Source material:
(* Let $p$ be an odd prime and let $a,b_1,b_2,c$ be integers such that $0\le a<p$, $0<c\le p$, $0\le b_2-c+1<p$, $0\le b_1+b_2-c+1<p$, and $p-1\le a+b_1+b_2-c+1<2p-1$. Then in $\mathbb{F}_p$ $$\int_{[1;1]_p}t^a(1-t)^{b_1}(s-t)^{p-c}(1-s)^{b_2}\,dt\,ds=\frac{a!\,(b_1+b_2-c+1)!}{(a+b_1+b_2-c+2-p)!}\cdot\frac{(p-c)!\,b_2!}{(b_2-c+1)!}.$$
   Context: For a polynomial $P(x_1,\dots,x_k)=\sum_d c_dx_1^{d_1}\cdots x_k^{d_k}$ with coefficients in $\mathbb{F}_p$ and $l\in\mathbb{Z}_{>0}^k$, the $\mathbb{F}_p$-integral $\int_{[l_1,\dots,l_k]_p}P\,dx$ is the coefficient $c_{l_1p-1,\dots,l_kp-1}$. Thus the left-hand side is the coefficient of $t^{p-1}s^{p-1}$ in the polynomial reduced mod $p$. Factorials are taken in $\mathbb{F}_p$. *)

theory Defs
  imports "HOL-Computational_Algebra.Polynomial" "HOL-Library.Cardinality"
begin

text \<open>Bivariate polynomials in variables t, s over a ring 'a are represented as
  'a poly poly: the outer variable is s, the inner (coefficient) variable is t.
  So the coefficient of t^i s^j of P is coeff (coeff P j) i.\<close>

definition var_t :: "'a::comm_ring_1 poly poly" where
  "var_t = [:[:0, 1:]:]"

definition var_s :: "'a::comm_ring_1 poly poly" where
  "var_s = [:0, 1:]"

text \<open>The F_p-integral over [l1, l2]_p (l1 for t, l2 for s): the coefficient of
  t^(l1 p - 1) s^(l2 p - 1), where p = CARD('a) (the field 'a is F_p).\<close>

definition fp_integral2 :: "nat \<Rightarrow> nat \<Rightarrow> 'a::{field,finite} poly poly \<Rightarrow> 'a" where
  "fp_integral2 l1 l2 P = coeff (coeff P (l2 * CARD('a) - 1)) (l1 * CARD('a) - 1)"

end

theory Submission
  imports
    "HOL-Number_Theory.Residues"
      (* imported before Defs, so that coeff and monom denote the polynomial operations
         and not their HOL-Algebra namesakes *)
    Defs
begin

(* Integrate over s first. Wilson's theorem in the form m! (p - 1 - m)! = (-1)^(m+1) in F_p
   turns the coefficient binom(p-c, j) binom(b2, c-1+j) (-1)^(c-1) of t^j s^(p-1) into
   K binom(b2+1-c, j) (-1)^j with K = -(p-c)! b2! / (b2+1-c)!, i.e. the s-integral is
   K (1 - t)^(b2+1-c). What remains is K times the coefficient of t^(p-1) in t^a (1 - t)^B,
   B = b1+b2+1-c, which is (-1)^(p-1-a) binom(B, p-1-a) = -a! B! / (a+B+1-p)!, again by
   Wilson's theorem. *)

lemma CHAR_eq_CARD_if_prime:
  assumes "prime CARD('a::{ring_1,finite})"
  shows "CHAR('a) = CARD('a)"
  using CHAR_dvd_CARD[where 'a='a] CHAR_not_1[where 'a='a] assms
  by (metis One_nat_def prime_nat_iff)

lemma of_nat_fact_eq_0_iff_CHAR:
  assumes "CHAR('a::semiring_1) = p" "prime p"
  shows "(of_nat (fact n) :: 'a) = 0 \<longleftrightarrow> p \<le> n"
  using assms by (simp add: of_nat_eq_0_iff_char_dvd prime_dvd_fact_iff)

lemma wilson_theorem_CHAR:
  assumes "CHAR('a::ring_1) = p" "prime p"
  shows "(of_nat (fact (p - 1)) :: 'a) = -1"
proof -
  have "[int (fact (p - 1)) = - 1] (mod int CHAR('a))"
    using wilson_theorem[OF assms(2)] assms(1) by (simp add: of_nat_fact)
  then have "(of_int (int (fact (p - 1))) :: 'a) = of_int (-1)"
    by (simp only: of_int_eq_iff_cong_CHAR)
  then show ?thesis
    by (simp only: of_int_of_nat_eq of_int_minus of_int_1)
qed

lemma of_nat_fact_mult_fact_complement:
  assumes "CHAR('a::comm_ring_1) = p" "prime p" "j < p"
  shows "(of_nat (fact j) :: 'a) * of_nat (fact (p - 1 - j)) = (-1) ^ (j + 1)"
  using assms(3)
proof (induction j)
  case 0
  then show ?case
    using wilson_theorem_CHAR[OF assms(1,2)] by simp
next
  case (Suc j)
  have "(of_nat (p - 1 - j) :: 'a) = of_nat p - of_nat (Suc j)"
    using Suc.prems by (simp add: of_nat_diff)
  also have "\<dots> = - of_nat (Suc j)"
    using assms(1) of_nat_CHAR[where 'a='a] by simp
  finally have complement: "(of_nat (p - 1 - j) :: 'a) = - of_nat (Suc j)" .
  have "p - 1 - j = Suc (p - 1 - Suc j)"
    using Suc.prems by simp
  then have "fact (p - 1 - j) = (p - 1 - j) * (fact (p - 1 - Suc j) :: nat)"
    by (metis fact_Suc of_nat_id)
  then have fact_complement:
    "(of_nat (fact (p - 1 - j)) :: 'a) = - of_nat (Suc j) * of_nat (fact (p - 1 - Suc j))"
    by (metis complement of_nat_mult mult_minus_left)
  have "(of_nat (fact j) :: 'a) * of_nat (fact (p - 1 - j))
      = - (of_nat (fact (Suc j)) * of_nat (fact (p - 1 - Suc j)))"
    unfolding fact_complement by (simp add: algebra_simps)
  then show ?case
    using Suc by simp
qed

lemma of_nat_binomial_fact:
  assumes "k \<le> n" "(of_nat (fact k) :: 'a::field) \<noteq> 0"
    and "(of_nat (fact (n - k)) :: 'a) \<noteq> 0"
  shows "(of_nat (n choose k) :: 'a) = of_nat (fact n) / (of_nat (fact k) * of_nat (fact (n - k)))"
proof -
  have "(of_nat (fact k) * of_nat (fact (n - k)) * of_nat (n choose k) :: 'a) = of_nat (fact n)"
    by (metis binomial_fact_lemma[OF assms(1)] of_nat_mult)
  then show ?thesis
    using assms by (simp add: field_simps)
qed

lemma of_nat_binomial_fact_complement:
  assumes "CHAR('a::field) = p" "prime p" "m \<le> n" "m < p" "n - m < p"
  shows "(of_nat (n choose m) :: 'a)
       = (-1) ^ (m + 1) * of_nat (fact n) * of_nat (fact (p - 1 - m)) / of_nat (fact (n - m))"
proof -
  note fact_ne_0 = of_nat_fact_eq_0_iff_CHAR[OF assms(1,2)]
  have "(of_nat (fact m) :: 'a) * ((-1) ^ (m + 1) * of_nat (fact (p - 1 - m))) = 1"
    using of_nat_fact_mult_fact_complement[OF assms(1,2,4)]
    by (metis mult.left_commute minus_one_mult_self)
  then have inverse_fact:
    "inverse (of_nat (fact m) :: 'a) = (-1) ^ (m + 1) * of_nat (fact (p - 1 - m))"
    by (metis inverse_unique)
  have "(of_nat (n choose m) :: 'a) = of_nat (fact n) / (of_nat (fact m) * of_nat (fact (n - m)))"
    by (rule of_nat_binomial_fact) (use assms fact_ne_0 in auto)
  then show ?thesis
    by (simp add: inverse_fact divide_inverse mult_ac)
qed

lemma coeff_linear_poly_power':
  fixes a b :: "'a::comm_semiring_1"
  shows "coeff ([:a, b:] ^ n) i = of_nat (n choose i) * b ^ i * a ^ (n - i)"
proof (cases "i \<le> n")
  case True
  then show ?thesis by (rule coeff_linear_poly_power)
next
  case False
  have "degree ([:a, b:] ^ n) \<le> 1 * n"
    by (rule order.trans[OF degree_power_le]) (simp add: degree_pCons_le)
  then show ?thesis using False by (simp add: coeff_eq_0 binomial_eq_0)
qed

lemma var_s_minus_var_t_power:
  "(var_s - var_t :: 'a::comm_ring_1 poly poly) ^ n
     = (\<Sum>i\<le>n. smult (monom (of_nat (n choose i) * (-1) ^ i) i) (monom 1 (n - i)))"
proof -
  have "(- var_t :: 'a poly poly) ^ i = [:monom ((-1) ^ i) i:]" for i
  proof -
    have "- var_t = [:monom (-1) 1 :: 'a poly:]"
      by (simp add: var_t_def monom_Suc monom_0)
    then show ?thesis
      by (simp add: poly_const_pow monom_power)
  qed
  moreover have "(var_s :: 'a poly poly) ^ k = monom 1 k" for k
    by (simp add: var_s_def monom_altdef)
  ultimately show ?thesis
    using binomial_ring[of "- var_t :: 'a poly poly" var_s n]
    by (simp add: of_nat_poly smult_monom mult.assoc)
qed

lemma coeff_one_minus_var_s_power:
  "coeff ((1 - var_s :: 'a::comm_ring_1 poly poly) ^ b) k = [:of_nat (b choose k) * (-1) ^ k:]"
proof -
  have "(1 - var_s :: 'a poly poly) = [:1, -1:]"
    by (simp add: var_s_def one_pCons)
  then show ?thesis
    by (simp add: coeff_linear_poly_power' of_nat_poly poly_const_pow flip: pCons_one)
qed

lemma coeff_coeff_var_s_minus_var_t_power_mult:
  fixes n b m :: nat
  assumes "n \<le> m"
  shows "coeff (coeff ((var_s - var_t :: 'a::comm_ring_1 poly poly) ^ n * (1 - var_s) ^ b) m) j
       = of_nat (n choose j) * of_nat (b choose (m - n + j)) * (-1) ^ (m - n)"
proof -
  have summand: "coeff (monom 1 (n - i) * (1 - var_s) ^ b) m
      = [:of_nat (b choose (m - n + i)) * (-1) ^ (m - n + i) :: 'a:]" if "i \<le> n" for i
    using that assms by (simp add: coeff_monom_mult coeff_one_minus_var_s_power)
  have "coeff (coeff ((var_s - var_t :: 'a poly poly) ^ n * (1 - var_s) ^ b) m) j
      = (\<Sum>i\<le>n. if i = j
          then of_nat (n choose i) * (-1) ^ i * (of_nat (b choose (m - n + i)) * (-1) ^ (m - n + i))
          else 0)"
    unfolding var_s_minus_var_t_power sum_distrib_right coeff_sum
    by (simp add: summand coeff_monom mult_monom flip: monom_0)
  then show ?thesis
    by (auto simp: binomial_eq_0 power_add mult_ac left_minus_one_mult_self)
qed

lemma of_nat_choose_mult_choose_CHAR:
  assumes "CHAR('a::field) = p" "prime p" "0 < c" "c \<le> p" "c \<le> b + 1" "b + 1 - c < p"
  shows "(of_nat ((p - c) choose j) * of_nat (b choose (c - 1 + j)) * (-1) ^ (c - 1) :: 'a)
       = - (of_nat (fact (p - c)) * of_nat (fact b) / of_nat (fact (b + 1 - c)))
           * (of_nat ((b + 1 - c) choose j) * (-1) ^ j)"
proof -
  define D where "D = b + 1 - c"
  note fact_ne_0 = of_nat_fact_eq_0_iff_CHAR[OF assms(1,2)]
  consider "D < j" | "p - c < j" "j \<le> D" | "j \<le> p - c" "j \<le> D"
    by linarith
  then show ?thesis
  proof cases
    case 1
    then show ?thesis
      using assms by (simp add: D_def binomial_eq_0)
  next
    case 2
    then have "p \<le> b"
      using assms unfolding D_def by linarith
    then show ?thesis
      using 2 fact_ne_0 by (simp add: binomial_eq_0)
  next
    case 3
    have below_p: "j < p" "p - c - j < p" "D - j < p" "D < p"
      using 3 assms unfolding D_def by auto
    have choose_pc: "(of_nat ((p - c) choose j) :: 'a)
        = of_nat (fact (p - c)) / (of_nat (fact j) * of_nat (fact (p - c - j)))"
      by (rule of_nat_binomial_fact) (use 3 below_p fact_ne_0 in auto)
    have choose_b: "(of_nat (b choose (c - 1 + j)) :: 'a)
        = (-1) ^ (c + j) * of_nat (fact b) * of_nat (fact (p - c - j)) / of_nat (fact (D - j))"
    proof -
      have "p - 1 - (c - 1 + j) = p - c - j" "b - (c - 1 + j) = D - j" "c - 1 + j + 1 = c + j"
        using assms unfolding D_def by auto
      then show ?thesis
        using of_nat_binomial_fact_complement[OF assms(1,2), of "c - 1 + j" b] 3 assms
        unfolding D_def by auto
    qed
    have choose_D: "(of_nat (D choose j) :: 'a)
        = of_nat (fact D) / (of_nat (fact j) * of_nat (fact (D - j)))"
      by (rule of_nat_binomial_fact) (use 3 below_p fact_ne_0 in auto)
    have "(of_nat ((p - c) choose j) * of_nat (b choose (c - 1 + j)) * (-1) ^ (c - 1) :: 'a)
        = of_nat (fact (p - c)) * of_nat (fact b) / (of_nat (fact j) * of_nat (fact (D - j)))
          * ((-1) ^ (c + j) * (-1) ^ (c - 1))"
      unfolding choose_pc choose_b using below_p fact_ne_0 by (simp add: field_simps)
    also have "(-1 :: 'a) ^ (c + j) * (-1) ^ (c - 1) = - ((-1) ^ j)"
      using assms(3) by (cases c) (simp_all add: power_add mult_ac)
    finally show ?thesis
      unfolding D_def[symmetric] choose_D using below_p fact_ne_0 by (simp add: field_simps)
  qed
qed

lemma coeff_var_s_minus_var_t_power_mult_CHAR:
  assumes "CHAR('a::field) = p" "prime p" "0 < c" "c \<le> p" "c \<le> b + 1" "b + 1 - c < p"
  shows "coeff ((var_s - var_t :: 'a poly poly) ^ (p - c) * (1 - var_s) ^ b) (p - 1)
       = smult (- (of_nat (fact (p - c)) * of_nat (fact b) / of_nat (fact (b + 1 - c))))
           ([:1, -1:] ^ (b + 1 - c))" (is "?lhs = ?rhs")
proof (rule poly_eqI)
  fix j
  have "p - c \<le> p - 1" "p - 1 - (p - c) = c - 1"
    using assms(3,4) by auto
  then have "coeff ?lhs j = of_nat ((p - c) choose j) * of_nat (b choose (c - 1 + j)) * (-1) ^ (c - 1)"
    by (simp add: coeff_coeff_var_s_minus_var_t_power_mult)
  also have "\<dots> = - (of_nat (fact (p - c)) * of_nat (fact b) / of_nat (fact (b + 1 - c)))
           * (of_nat ((b + 1 - c) choose j) * (-1) ^ j)"
    by (rule of_nat_choose_mult_choose_CHAR[OF assms])
  finally show "coeff ?lhs j = coeff ?rhs j"
    by (simp add: coeff_linear_poly_power')
qed

lemma coeff_monom_mult_one_minus_X_power_CHAR:
  assumes "CHAR('a::field) = p" "prime p" "a < p" "B < p" "p - 1 \<le> a + B"
  shows "coeff (monom 1 a * [:1, -1:] ^ B :: 'a poly) (p - 1)
       = - (of_nat (fact a) * of_nat (fact B) / of_nat (fact (a + B + 1 - p)))"
proof -
  have "coeff (monom 1 a * [:1, -1:] ^ B :: 'a poly) (p - 1)
      = of_nat (B choose (p - 1 - a)) * (-1) ^ (p - 1 - a)"
    using assms(3) by (simp add: coeff_monom_mult coeff_linear_poly_power')
  also have "of_nat (B choose (p - 1 - a))
      = (-1) ^ (p - a) * of_nat (fact B) * of_nat (fact a) / (of_nat (fact (a + B + 1 - p)) :: 'a)"
  proof -
    have "p - 1 - (p - 1 - a) = a" "B - (p - 1 - a) = a + B + 1 - p" "p - 1 - a + 1 = p - a"
      using assms by auto
    then show ?thesis
      using of_nat_binomial_fact_complement[OF assms(1,2), of "p - 1 - a" B] assms by auto
  qed
  also have "(-1 :: 'a) ^ (p - a) = - ((-1) ^ (p - 1 - a))"
  proof -
    have "p - a = Suc (p - 1 - a)"
      using assms(3) by simp
    then show ?thesis
      by simp
  qed
  finally show ?thesis
    by (simp add: mult_ac)
qed

theorem theorem3p7:
  fixes p a b1 b2 c :: nat
  assumes "prime p" and "odd p" and "CARD('a::{field,finite}) = p"
    and "a < p" and "0 < c" and "c \<le> p"
    and "c \<le> b2 + 1" and "b2 + 1 - c < p"
    and "c \<le> b1 + b2 + 1" and "b1 + b2 + 1 - c < p"
    and "c \<le> a + b1 + b2 + 1"
    and "p - 1 \<le> a + b1 + b2 + 1 - c" and "a + b1 + b2 + 1 - c < 2 * p - 1"
  shows "fp_integral2 1 1
           ((var_t :: 'a poly poly) ^ a * (1 - var_t) ^ b1 * (var_s - var_t) ^ (p - c) * (1 - var_s) ^ b2)
         = of_nat (fact a) * of_nat (fact (b1 + b2 + 1 - c)) / of_nat (fact (a + b1 + b2 + 2 - c - p))
           * (of_nat (fact (p - c)) * of_nat (fact b2) / of_nat (fact (b2 + 1 - c)))"
proof -
  have char: "CHAR('a) = p"
    using CHAR_eq_CARD_if_prime[where 'a='a] assms(1,3) by simp
  define K :: 'a where "K = - (of_nat (fact (p - c)) * of_nat (fact b2) / of_nat (fact (b2 + 1 - c)))"
  have exponent: "b1 + b2 + 1 - c = b1 + (b2 + 1 - c)"
    using assms(7) by simp
  have integrand:
    "(var_t :: 'a poly poly) ^ a * (1 - var_t) ^ b1 * (var_s - var_t) ^ (p - c) * (1 - var_s) ^ b2
      = smult (monom 1 a * [:1, -1:] ^ b1) ((var_s - var_t) ^ (p - c) * (1 - var_s) ^ b2)"
    by (simp add: var_t_def one_pCons poly_const_pow monom_altdef mult_ac)
  have "fp_integral2 1 1
           ((var_t :: 'a poly poly) ^ a * (1 - var_t) ^ b1 * (var_s - var_t) ^ (p - c) * (1 - var_s) ^ b2)
      = coeff (monom 1 a * [:1, -1:] ^ b1
          * coeff ((var_s - var_t) ^ (p - c) * (1 - var_s) ^ b2) (p - 1)) (p - 1)"
    unfolding fp_integral2_def integrand using assms(3) by simp
  also have "\<dots> = K * coeff (monom 1 a * [:1, -1:] ^ (b1 + b2 + 1 - c)) (p - 1)"
    unfolding coeff_var_s_minus_var_t_power_mult_CHAR[OF char assms(1,5,6,7,8)] K_def exponent
    by (simp add: power_add mult_ac)
  also have "\<dots> = K * - (of_nat (fact a) * of_nat (fact (b1 + b2 + 1 - c))
                              / of_nat (fact (a + b1 + b2 + 2 - c - p)))"
  proof -
    have "p - 1 \<le> a + (b1 + b2 + 1 - c)"
      "a + (b1 + b2 + 1 - c) + 1 - p = a + b1 + b2 + 2 - c - p"
      using assms(9,12) by auto
    then show ?thesis
      using coeff_monom_mult_one_minus_X_power_CHAR[OF char assms(1,4,10)] by simp
  qed
  finally show ?thesis
    by (simp add: K_def mult_ac)
qed

end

Task prompt:
Within the listing above, the range opens at the line with "1 - j = Suc" and closes at the line with "using of_nat_fact_mult_fact_complement[OF assms(1,2,4)]". Reproduce exactly the lines of that range, including both ends.

Solution to the problem:
  have "p - 1 - j = Suc (p - 1 - Suc j)"
    using Suc.prems by simp
  then have "fact (p - 1 - j) = (p - 1 - j) * (fact (p - 1 - Suc j) :: nat)"
    by (metis fact_Suc of_nat_id)
  then have fact_complement:
    "(of_nat (fact (p - 1 - j)) :: 'a) = - of_nat (Suc j) * of_nat (fact (p - 1 - Suc j))"
    by (metis complement of_nat_mult mult_minus_left)
  have "(of_nat (fact j) :: 'a) * of_nat (fact (p - 1 - j))
      = - (of_nat (fact (Suc j)) * of_nat (fact (p - 1 - Suc j)))"
    unfolding fact_complement by (simp add: algebra_simps)
  then show ?case
    using Suc by simp
qed

lemma of_nat_binomial_fact:
  assumes "k \<le> n" "(of_nat (fact k) :: 'a::field) \<noteq> 0"
    and "(of_nat (fact (n - k)) :: 'a) \<noteq> 0"
  shows "(of_nat (n choose k) :: 'a) = of_nat (fact n) / (of_nat (fact k) * of_nat (fact (n - k)))"
proof -
  have "(of_nat (fact k) * of_nat (fact (n - k)) * of_nat (n choose k) :: 'a) = of_nat (fact n)"
    by (metis binomial_fact_lemma[OF assms(1)] of_nat_mult)
  then show ?thesis
    using assms by (simp add: field_simps)
qed

lemma of_nat_binomial_fact_complement:
  assumes "CHAR('a::field) = p" "prime p" "m \<le> n" "m < p" "n - m < p"
  shows "(of_nat (n choose m) :: 'a)
       = (-1) ^ (m + 1) * of_nat (fact n) * of_nat (fact (p - 1 - m)) / of_nat (fact (n - m))"
proof -
  note fact_ne_0 = of_nat_fact_eq_0_iff_CHAR[OF assms(1,2)]
  have "(of_nat (fact m) :: 'a) * ((-1) ^ (m + 1) * of_nat (fact (p - 1 - m))) = 1"
    using of_nat_fact_mult_fact_complement[OF assms(1,2,4)]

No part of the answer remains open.